Run the following command on both nodes:
sudo systemctl enable pcsd
sudo systemctl start pcsd
Install the FCI resource agent for SQL Server. Run the following command on both nodes:
sudo apt-get install mssql-server-ha
On one of the nodes, create the cluster:
sudo pcs cluster auth <hostname1 hostname2 …> -u hacluster
sudo pcs cluster setup –name
sudo pcs cluster start --all
Modify the following /etc/corosync/corosync.conf file on both devices:
totem {
version: 2
cluster_name: sql
secauth: off
transport:udpu
interface {
ringnumber: 0
bindnetaddr: <network IP address>
broadcast: yes
mcastport: 5405
}
}
nodelist {
node {
ring0_addr: <IPAddress1>
name: <hostname1>
nodeid: 1
}
node {
ring0_addr: <IPAddress2>
name: <hostname2>
nodeid: 2
}
}
quorum {
provider: corosync_votequorum
two_node: 1
wait_for_all: 1
last_man_standing: 1
auto_tie_breaker: 0
}
Disable Fencing on both nodes:
sudo pcs property set stonith-enabled=false
sudo pcs property set start-failure-is-fatal=false
Then restart corosync and start pacemaker on both nodes:
sudo systemctl restart corosync
sudo systemctl start pacemaker
On either host, use the command crm status to see the cluster come online:
sudo crm status
Configure the cluster resources for SQL Server, FileSystem and virtual IP resources and push the
configuration to the cluster:
sudo pcs cluster cib cfg
sudo pcs -f cfg resource create mssqlha ocf:mssql:fci op defaults timeout=60s
sudo pcs -f cfg resource create virtualip ocf:heartbeat:IPaddr2 ip=<floating IP>
sudo pcs -f cfg drbd_res ocf:linbit:drbd params drbd_resource=r0 op monitor interval=29s –master meta master-max=1 master-node-max=1 clone-max=2 clone-node-max=1 notify=true
sudo pcs -f cfg fs_res ocf:heartbeat:Filesystem params device=/dev/drbd0 directory=/var/sql fstype=ext4
sudo pcs -f cfg constraint colocation add fs_res drbd_res-master
sudo pcs -f cfg constraint colocation add virtualip mssqlha
sudo pcs -f cfg constraint colocation add fs_res mssqlha
sudo pcs -f cfg constraint order promote drbd_res-master then start fs_res
sudo pcs -f cfg constraint order start fs_res then start mssqlha
sudo pcs cluster cib-push cfg
Step 8: Test
Verify thatSQL Server is started:
sudo pcs status
You should see something like this:
Notice that everything is started and that the MSSQL server, virtualip, and file, DRBD master, and DRBD file system are all running on the same node. If this is not the case, there is a probably configuration mistake somewhere. If the SQL server did not start, there is another command that can give more details:
sudo crm_mon
This command refreshes status in real time and will also show errors at the bottom if resources failed to start. Press Ctrl-C to go back to the command line.
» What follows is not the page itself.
(* Assume $\mu_n\to0$ and $n^{1/2}\mu_n\to\infty$, and suppose $\theta_n\in\mathbb R$ satisfies $\theta_n/\mu_n\to\zeta\in\mathbb R\cup\{-\infty,\infty\}$. 1. If $\zeta=0$ and $n^{1/2}\theta_n\to\nu\in\mathbb R$, then $F_{A,n,\theta_n}$ converges weakly to the cdf $\mathbf 1(\cdot\ge-\nu)$ (pointmass at $-\nu$). 2. If $-\infty<\zeta<0$, or if $\zeta=0$ and $n^{1/2}\theta_n\to-\infty$, or if $\zeta=-\infty$ and $n^{1/2}\mu_n^2/\theta_n\to-\infty$, then $F_{A,n,\theta_n}(x)\to0$ for every $x\in\mathbb R$. If $0<\zeta<\infty$, or if $\zeta=0$ and $n^{1/2}\theta_n\to\infty$, or if $\zeta=\infty$ and $n^{1/2}\mu_n^2/\theta_n\to\infty$, then $F_{A,n,\theta_n}(x)\to1$ for every $x\in\mathbb R$. 3. If $|\zeta|=\infty$ and $n^{1/2}\mu_n^2/\theta_n\to r\in\mathbb R$, then $F_{A,n,\theta_n}$ converges weakly to the cdf $\Phi(\cdot+r)$.
   Context: Gaussian location model: for each sample size $n$, $y_1,\dots,y_n$ are i.i.d. $N(\theta,1)$ with $\theta\in\mathbb R$ unknown; $\bar y$ is their mean. $P_{n,\theta}$ denotes the probability governing a sample of size $n$ when $\theta$ is the true parameter. Given a nonrandom tuning parameter $\mu_n>0$, the adaptive LASSO estimator is $\hat\theta_A=0$ if $|\bar y|\le\mu_n$ and $\hat\theta_A=\bar y-\mu_n^2/\bar y$ if $|\bar y|>\mu_n$. $F_{A,n,\theta}$ denotes the cdf of $n^{1/2}(\hat\theta_A-\theta)$ under $P_{n,\theta}$. $\Phi$ is the standard normal cdf. *)

theory Defs
  imports "HOL-Probability.Probability"
begin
Once everything is running as above, the next step is to make sure you can login to the database and to test a failover. First log in to MSSQL:
sqlcmd -S localhost -U hacluster -P '<YourPassword>'
Next, create a new Database:
CREATE DATABASE TestDB
SELECT Name from sys.Databases
GO
You should see something like this:
Notice the new database you created listed at the bottom. Log out of MSSQL by typing quit to return to the command line.
Now it is time to test a failover. First monitor the cluster from the second server by running:
sudo crm_mon
Then on the first server break its connection to the cluster by stopping pacemaker:
sudo systemctl stop pacemaker
You will notice on the second server the cluster changing. The first server should show as disconnected and the second server will take over as master for DRBD. It should also take over the floating IP, DRBD file system, and MSSQL resources. If this does not occur, or if the SQL server does not start, there may be a configuration mistake.
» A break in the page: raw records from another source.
(* Let $\overline M$ be a continuous martingale on $[0,T]$ with $\overline M_0=0$ and let $k>0$ satisfy $$\sup_\tau\Bigl\|\mathbb E\Bigl[\exp\bigl(k(\langle\overline M,\overline M\rangle_T-\langle\overline M,\overline M\rangle_\tau)\bigr)\,\Big|\,\mathcal F_\tau\Bigr]\Bigr\|_{L^\infty}<+\infty,$$ where the supremum is over all stopping times $\tau$ with values in $[0,T]$. Then there exists $\tilde k>k$ such that the same supremum with $k$ replaced by $\tilde k$ is finite. In particular $b(\overline M)>k$.
   Context: The filtered probability space $(\Omega,\mathcal F,(\mathcal F_t)_{t\in[0,T]},\mathbb P)$ satisfies the usual conditions. For a continuous martingale $\overline M$ with $\overline M_0=0$, the critical exponent is $$b(\overline M):=\sup\Bigl\{b\ge0\,\Big|\,\sup_\tau\bigl\|\mathbb E[\exp(b(\langle\overline M,\overline M\rangle_T-\langle\overline M,\overline M\rangle_\tau))\,|\,\mathcal F_\tau]\bigr\|_{L^\infty}<+\infty\Bigr\},$$ where the inner supremum is over stopping times $\tau$ valued in $[0,T]$. *)

theory Defs
  imports "HOL-Probability.Probability"
begin

text \<open>Time is real; the filtration
  is a family of measures F t indexed by all reals (only t in [0,T] matters,
  stopping times are required to take values in [0,T]).\<close>

definition usual_filtration :: "'a measure \<Rightarrow> (real \<Rightarrow> 'a measure) \<Rightarrow> real \<Rightarrow> bool" where
  "usual_filtration M F T \<longleftrightarrow>
     prob_space M \<and> filtration (space M) F \<and>
     (\<forall>t. sets (F t) \<subseteq> sets M) \<and>
     (\<forall>N \<in> null_sets M. \<forall>S. S \<subseteq> N \<longrightarrow> S \<in> sets (F 0)) \<and>
     (\<forall>t \<in> {0..<T}. sets (F t) = (\<Inter>s \<in> {t<..}. sets (F s)))"

definition stopping_time_on :: "'a measure \<Rightarrow> (real \<Rightarrow> 'a measure) \<Rightarrow> real \<Rightarrow> ('a \<Rightarrow> real) \<Rightarrow> bool" where
  "stopping_time_on M F T \<tau> \<longleftrightarrow> stopping_time F \<tau> \<and> (\<forall>\<omega> \<in> space M. \<tau> \<omega> \<in> {0..T})"

definition martingale_on :: "'a measure \<Rightarrow> (real \<Rightarrow> 'a measure) \<Rightarrow> real \<Rightarrow> (real \<Rightarrow> 'a \<Rightarrow> real) \<Rightarrow> bool" where
  "martingale_on M F T X \<longleftrightarrow>
     (\<forall>t \<in> {0..T}. X t \<in> borel_measurable (F t) \<and> integrable M (X t)) \<and>
     (\<forall>s t. 0 \<le> s \<longrightarrow> s \<le> t \<longrightarrow> t \<le> T \<longrightarrow>
        (AE \<omega> in M. real_cond_exp M (F s) (X t) \<omega> = X s \<omega>))"

definition continuous_martingale_on :: "'a measure \<Rightarrow> (real \<Rightarrow> 'a measure) \<Rightarrow> real \<Rightarrow> (real \<Rightarrow> 'a \<Rightarrow> real) \<Rightarrow> bool" where
  "continuous_martingale_on M F T X \<longleftrightarrow>
     martingale_on M F T X \<and> (\<forall>\<omega> \<in> space M. continuous_on {0..T} (\<lambda>t. X t \<omega>))"

definition local_martingale_on :: "'a measure \<Rightarrow> (real \<Rightarrow> 'a measure) \<Rightarrow> real \<Rightarrow> (real \<Rightarrow> 'a \<Rightarrow> real) \<Rightarrow> bool" where
  "local_martingale_on M F T X \<longleftrightarrow>
     (\<exists>\<sigma> :: nat \<Rightarrow> 'a \<Rightarrow> real.
        (\<forall>n. stopping_time_on M F T (\<sigma> n)) \<and>
        (\<forall>n. \<forall>\<omega> \<in> space M. \<sigma> n \<omega> \<le> \<sigma> (Suc n) \<omega>) \<and>
        (AE \<omega> in M. \<exists>n. \<sigma> n \<omega> = T) \<and>
        (\<forall>n. martingale_on M F T (\<lambda>t \<omega>. X (min t (\<sigma> n \<omega>)) \<omega>)))"

definition is_quadratic_variation :: "'a measure \<Rightarrow> (real \<Rightarrow> 'a measure) \<Rightarrow> real \<Rightarrow> (real \<Rightarrow> 'a \<Rightarrow> real) \<Rightarrow> (real \<Rightarrow> 'a \<Rightarrow> real) \<Rightarrow> bool" where
  "is_quadratic_variation M F T X A \<longleftrightarrow>
     (\<forall>t \<in> {0..T}. A t \<in> borel_measurable (F t)) \<and>
     (\<forall>\<omega> \<in> space M. continuous_on {0..T} (\<lambda>t. A t \<omega>) \<and> mono_on {0..T} (\<lambda>t. A t \<omega>) \<and> A 0 \<omega> = 0) \<and>
     local_martingale_on M F T (\<lambda>t \<omega>. (X t \<omega>)\<^sup>2 - A t \<omega>)"

text \<open>The conditional expectation
  of the nonnegative variable is taken in ennreal (so no integrability is presupposed);
  F_tau is the stopping-time sigma-algebra pre_sigma.\<close>
definition exp_qv_bounded :: "'a measure \<Rightarrow> (real \<Rightarrow> 'a measure) \<Rightarrow> real \<Rightarrow> (real \<Rightarrow> 'a \<Rightarrow> real) \<Rightarrow> real \<Rightarrow> bool" where
  "exp_qv_bounded M F T A b \<longleftrightarrow>
     (\<exists>C :: real. \<forall>\<tau>. stopping_time_on M F T \<tau> \<longrightarrow>
        (AE \<omega> in M. nn_cond_exp M (filtration.pre_sigma (space M) F \<tau>)
              (\<lambda>\<omega>. ennreal (exp (b * (A T \<omega> - A (\<tau> \<omega>) \<omega>)))) \<omega> \<le> ennreal C))"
Then on the first server, reconnect by starting pacemaker again:
sudo systemctl start pacemaker
On the second server you should see the first server become slave, but nothing else should change. Now repeat the steps above to connect to MSSQL on the second server, create a new DB, and view the databases available. You should see the TestDB database that you created on the first node, as well as the new one you just created (TestDB2, for example). Then return to the command line with the quit command.
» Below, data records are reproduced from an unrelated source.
lemma higher_differentiable_on_SucI:
  assumes "open S" "\<And>x. x \<in> S \<Longrightarrow> (f has_real_derivative f' x) (at x)"
    and "higher_differentiable_on k S f'"
  shows "higher_differentiable_on (Suc k) S f"
proof -
  have "higher_differentiable_on k S (deriv f)"
    by (rule higher_differentiable_on_cong[OF assms(1) _ assms(3)]) (use assms(2) DERIV_imp_deriv in metis)
  then show ?thesis using assms(2) by (auto simp: real_differentiable_def)
qed

lemma has_real_derivative_if_higher_differentiable_on:
  assumes "higher_differentiable_on (Suc k) S f" "x \<in> S"
  shows "((deriv ^^ k) f has_real_derivative (deriv ^^ Suc k) f x) (at x)"
  using assms
proof (induction k arbitrary: f)
  case 0
  then show ?case by (simp add: DERIV_deriv_iff_real_differentiable)
next
  case (Suc k)
  then show ?case using Suc.IH[of "deriv f"] by (simp add: funpow_Suc_right del: funpow.simps)
qed

lemma higher_differentiable_on_derivative_sequence:
  assumes "open S" "\<And>n x. (f n has_real_derivative f (Suc n) x) (at x)"
  shows "higher_differentiable_on k S (f n)"
proof (induction k arbitrary: n)
  case 0
  then show ?case by simp
next
  case (Suc k)
  then show ?case by (intro higher_differentiable_on_SucI[OF assms(1) assms(2)])
qed

lemma higher_differentiable_on_const: "higher_differentiable_on k S (\<lambda>x. a)"
  by (induction k arbitrary: a) simp_all

lemma higher_differentiable_on_ident: "higher_differentiable_on k S (\<lambda>x. x)"
  by (cases k) (simp_all add: higher_differentiable_on_const)

lemma higher_differentiable_on_add:
  assumes "open S" "higher_differentiable_on k S f" "higher_differentiable_on k S g"
  shows "higher_differentiable_on k S (\<lambda>x. f x + g x)"
  using assms(2,3)
proof (induction k arbitrary: f g)
  case 0
  then show ?case by simp
next
  case (Suc k)
  show ?case
  proof (rule higher_differentiable_on_SucI[OF assms(1)])
    fix x assume "x \<in> S"
    then show "((\<lambda>x. f x + g x) has_real_derivative deriv f x + deriv g x) (at x)"
      using Suc.prems by (intro DERIV_add) (auto simp: DERIV_deriv_iff_real_differentiable)
  qed (use Suc in simp)
qed

lemma higher_differentiable_on_mult:
  assumes "open S" "higher_differentiable_on k S f" "higher_differentiable_on k S g"
  shows "higher_differentiable_on k S (\<lambda>x. f x * g x)"
  using assms(2,3)
proof (induction k arbitrary: f g)
  case 0
  then show ?case by simp
next
  case (Suc k)
  show ?case
  proof (rule higher_differentiable_on_SucI[OF assms(1)])
    fix x assume "x \<in> S"
    then have "(f has_real_derivative deriv f x) (at x)" "(g has_real_derivative deriv g x) (at x)"
      using Suc.prems by (auto simp: DERIV_deriv_iff_real_differentiable)
    from DERIV_mult[OF this]
    show "((\<lambda>x. f x * g x) has_real_derivative deriv f x * g x + f x * deriv g x) (at x)"
      by (simp add: mult.commute)
  next
    show "higher_differentiable_on k S (\<lambda>x. deriv f x * g x + f x * deriv g x)"
      using Suc.prems higher_differentiable_on_SucD[OF Suc.prems(1)]
        higher_differentiable_on_SucD[OF Suc.prems(2)]
      by (intro higher_differentiable_on_add[OF assms(1)] Suc.IH) simp_all
  qed
qed

lemma higher_differentiable_on_diff:
  assumes "open S" "higher_differentiable_on k S f" "higher_differentiable_on k S g"
  shows "higher_differentiable_on k S (\<lambda>x. f x - g x)"
  using higher_differentiable_on_add[OF assms(1,2)
      higher_differentiable_on_mult[OF assms(1) higher_differentiable_on_const assms(3), of "-1"]]
  by simp

lemma higher_differentiable_on_inverse:
  assumes "open S" "higher_differentiable_on k S f" "\<And>x. x \<in> S \<Longrightarrow> f x \<noteq> 0"
  shows "higher_differentiable_on k S (\<lambda>x. 1 / f x)"
  using assms(2,3)
proof (induction k arbitrary: f)
  case 0
  then show ?case by simp
next
  case (Suc k)
  show ?case
  proof (rule higher_differentiable_on_SucI[OF assms(1)])
    fix x assume "x \<in> S"
    then show "((\<lambda>x. 1 / f x) has_real_derivative - deriv f x * (1 / f x) * (1 / f x)) (at x)"
      using Suc.prems
      by (auto intro!: derivative_eq_intros
          simp: DERIV_deriv_iff_real_differentiable power2_eq_square field_simps)
  next
    have "higher_differentiable_on k S (\<lambda>x. 1 / f x)"
      using Suc by (blast dest: higher_differentiable_on_SucD)
    then show "higher_differentiable_on k S (\<lambda>x. - deriv f x * (1 / f x) * (1 / f x))"
      using Suc.prems
      by (intro higher_differentiable_on_mult[OF assms(1)] higher_differentiable_on_diff[OF assms(1),
          of _ "\<lambda>x. 0", simplified]) (auto intro: higher_differentiable_on_const)
  qed
qed

lemma higher_differentiable_on_divide:
  assumes "open S" "higher_differentiable_on k S f" "higher_differentiable_on k S g"
    and "\<And>x. x \<in> S \<Longrightarrow> g x \<noteq> 0"
  shows "higher_differentiable_on k S (\<lambda>x. f x / g x)"
  using higher_differentiable_on_mult[OF assms(1,2) higher_differentiable_on_inverse[OF assms(1,3,4)]]
  by simp

section \<open>Positive derivative chains satisfying Turan's inequality\<close>

locale log_convex_derivatives =
  fixes f :: "nat \<Rightarrow> real \<Rightarrow> real"
  assumes has_real_derivative_f: "\<And>n x. (f n has_real_derivative f (Suc n) x) (at x)"
    and f_pos: "\<And>n x. 0 < f n x"
    and turan: "\<And>x. (f 1 x)\<^sup>2 < f 2 x * f 0 x"
begin

lemma deriv_f: "deriv (f n) = f (Suc n)"
  by (rule ext) (rule DERIV_imp_deriv[OF has_real_derivative_f])

lemma higher_deriv_f: "(deriv ^^ n) (f 0) = f n"
  by (induction n) (simp_all add: deriv_f)

lemma isCont_f: "isCont (f n) x"
  by (rule DERIV_isCont[OF has_real_derivative_f])

lemma f_strict_mono: "x < y \<Longrightarrow> f n x < f n y"
  by (rule DERIV_pos_imp_increasing) (use has_real_derivative_f f_pos in blast)+

lemma f_mono: "x \<le> y \<Longrightarrow> f n x \<le> f n y"
  using f_strict_mono by (cases "x = y") (auto intro: less_imp_le)

end

lemma log_convex_derivatives_affine:
  assumes "log_convex_derivatives h" "0 < C" "0 < k"
  shows "log_convex_derivatives (\<lambda>n x. C * k ^ n * h n (k * x + d))"
proof -
  interpret log_convex_derivatives h by fact
  show ?thesis
  proof
    fix n x
    have "((\<lambda>x. h n (k * x + d)) has_real_derivative h (Suc n) (k * x + d) * k) (at x)"
      by (rule DERIV_chain2[OF has_real_derivative_f]) (auto intro!: derivative_eq_intros)
    from DERIV_cmult[OF this, of "C * k ^ n"]
    show "((\<lambda>x. C * k ^ n * h n (k * x + d)) has_real_derivative
        C * k ^ Suc n * h (Suc n) (k * x + d)) (at x)"
      by (simp add: algebra_simps)
    show "0 < C * k ^ n * h n (k * x + d)"
      using assms f_pos by simp
    have "(C * k)\<^sup>2 * (h 1 (k * x + d))\<^sup>2 < (C * k)\<^sup>2 * (h 2 (k * x + d) * h 0 (k * x + d))"
      using assms turan by (intro mult_strict_left_mono) simp_all
    then show "(C * k ^ 1 * h 1 (k * x + d))\<^sup>2 <
        C * k ^ 2 * h 2 (k * x + d) * (C * k ^ 0 * h 0 (k * x + d))"
      by (simp add: power2_eq_square algebra_simps)
  qed
qed

section \<open>Monotonicity, smoothness and blow-up of \<open>F\<close>\<close>

text \<open>\<open>f n\<close> stands for \<open>\<psi>\<^sup>(\<^sup>n\<^sup>)\<close>, and \<open>theta_factor\<close> below for \<open>\<Phi>\<close>.\<close>

locale psi_setting = log_convex_derivatives f for f +
  fixes c \<alpha> :: real
  assumes alpha_pos: "0 < \<alpha>"
begin

definition gap :: "nat \<Rightarrow> real \<Rightarrow> real" where
  "gap n z = (z - c) * f (n + 1) z - f n z"

definition gap_root :: "nat \<Rightarrow> real" where
  "gap_root n = (THE z. c < z \<and> gap n z = 0)"

abbreviation x_0 :: real where "x_0 \<equiv> gap_root 0"

abbreviation x_inf :: real where "x_inf \<equiv> gap_root 1"

definition theta :: "real \<Rightarrow> real" where
  "theta z = (f 3 z * gap 0 z - f 2 z * gap 1 z) * f 0 z /
     (- \<alpha> * (f 2 z * f 0 z - (f 1 z)\<^sup>2) * gap 1 z)"

definition F :: "real \<Rightarrow> real" where
  "F x = integral {x..x_0} theta"

lemma has_real_derivative_gap: "(gap n has_real_derivative (z - c) * f (n + 2) z) (at z)"
  unfolding gap_def[abs_def]
  by (auto intro!: derivative_eq_intros has_real_derivative_f[THEN DERIV_cong])

lemma isCont_gap: "isCont (gap n) z"
  by (rule DERIV_isCont[OF has_real_derivative_gap])

lemma gap_strict_mono:
  assumes "c \<le> x" "x < y"
  shows "gap n x < gap n y"
proof (rule DERIV_pos_imp_increasing_open[OF assms(2)])
  fix t assume "x < t" "t < y"
  then show "\<exists>d. (gap n has_real_derivative d) (at t) \<and> 0 < d"
    using assms has_real_derivative_gap f_pos by (intro exI conjI) auto
qed (intro continuous_at_imp_continuous_on ballI isCont_gap)

lemma gap_at_c: "gap n c < 0"
  by (simp add: gap_def f_pos)

lemma gap_has_root: "\<exists>z>c. gap n z = 0"
proof -
  define m where "m = f (n + 2) (c + 1)"
  define z where "z = c + 1 + (\<bar>gap n (c + 1)\<bar> + 1) / m"
  have m: "0 < m"
    by (simp add: m_def f_pos)
  then have z: "c + 1 < z"
    by (simp add: z_def)
  obtain t where t: "c + 1 < t" "t < z"
    and t_eq: "gap n z - gap n (c + 1) = (z - (c + 1)) * ((t - c) * f (n + 2) t)"
    using MVT2[OF z, of "gap n" "\<lambda>t. (t - c) * f (n + 2) t"] has_real_derivative_gap by blast
  have "1 * m \<le> (t - c) * f (n + 2) t"
    using t m f_mono[of "c + 1" t "n + 2"] by (intro mult_mono) (auto simp: m_def)
  then have "(z - (c + 1)) * m \<le> gap n z - gap n (c + 1)"
    unfolding t_eq using z by (intro mult_left_mono) auto
  moreover have "(z - (c + 1)) * m = \<bar>gap n (c + 1)\<bar> + 1"
    using m by (simp add: z_def)
  ultimately have "0 < gap n z"
    by linarith
  then obtain y where y: "c \<le> y" "y \<le> z" "gap n y = 0"
    using IVT[of "gap n" c 0 z] gap_at_c[of n] z isCont_gap by fastforce
  moreover have "y \<noteq> c"
    using gap_at_c[of n] y by auto
  ultimately show ?thesis
    by (intro exI[of _ y]) auto
qed

lemma gap_root: "c < gap_root n" "gap n (gap_root n) = 0"
proof -
  have "\<exists>!z. c < z \<and> gap n z = 0"
  proof (rule ex_ex1I)
    show "\<exists>z. c < z \<and> gap n z = 0"
      using gap_has_root by blast
  next
    fix x y assume "c < x \<and> gap n x = 0" "c < y \<and> gap n y = 0"
    then show "x = y"
      using gap_strict_mono[of x y n] gap_strict_mono[of y x n]
      by (cases x y rule: linorder_cases) auto
  qed
  from theI'[OF this] show "c < gap_root n" "gap n (gap_root n) = 0"
    unfolding gap_root_def by blast+
qed

lemma gap_neg_iff: "c \<le> z \<Longrightarrow> gap n z < 0 \<longleftrightarrow> z < gap_root n"
  using gap_strict_mono[of z "gap_root n" n] gap_strict_mono[of "gap_root n" z n] gap_root[of n]
  by (cases z "gap_root n" rule: linorder_cases) auto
Finally, monitor the cluster on the first server, while you stop and start pacemaker on the second. This should fail back over to the first server, which should be master and be in controller of DRBD, DRBD filesystem, and the floating IP, with the second server just a slave to DRBD. Again, log in to MSSQL on the first database and verify that both databases are there.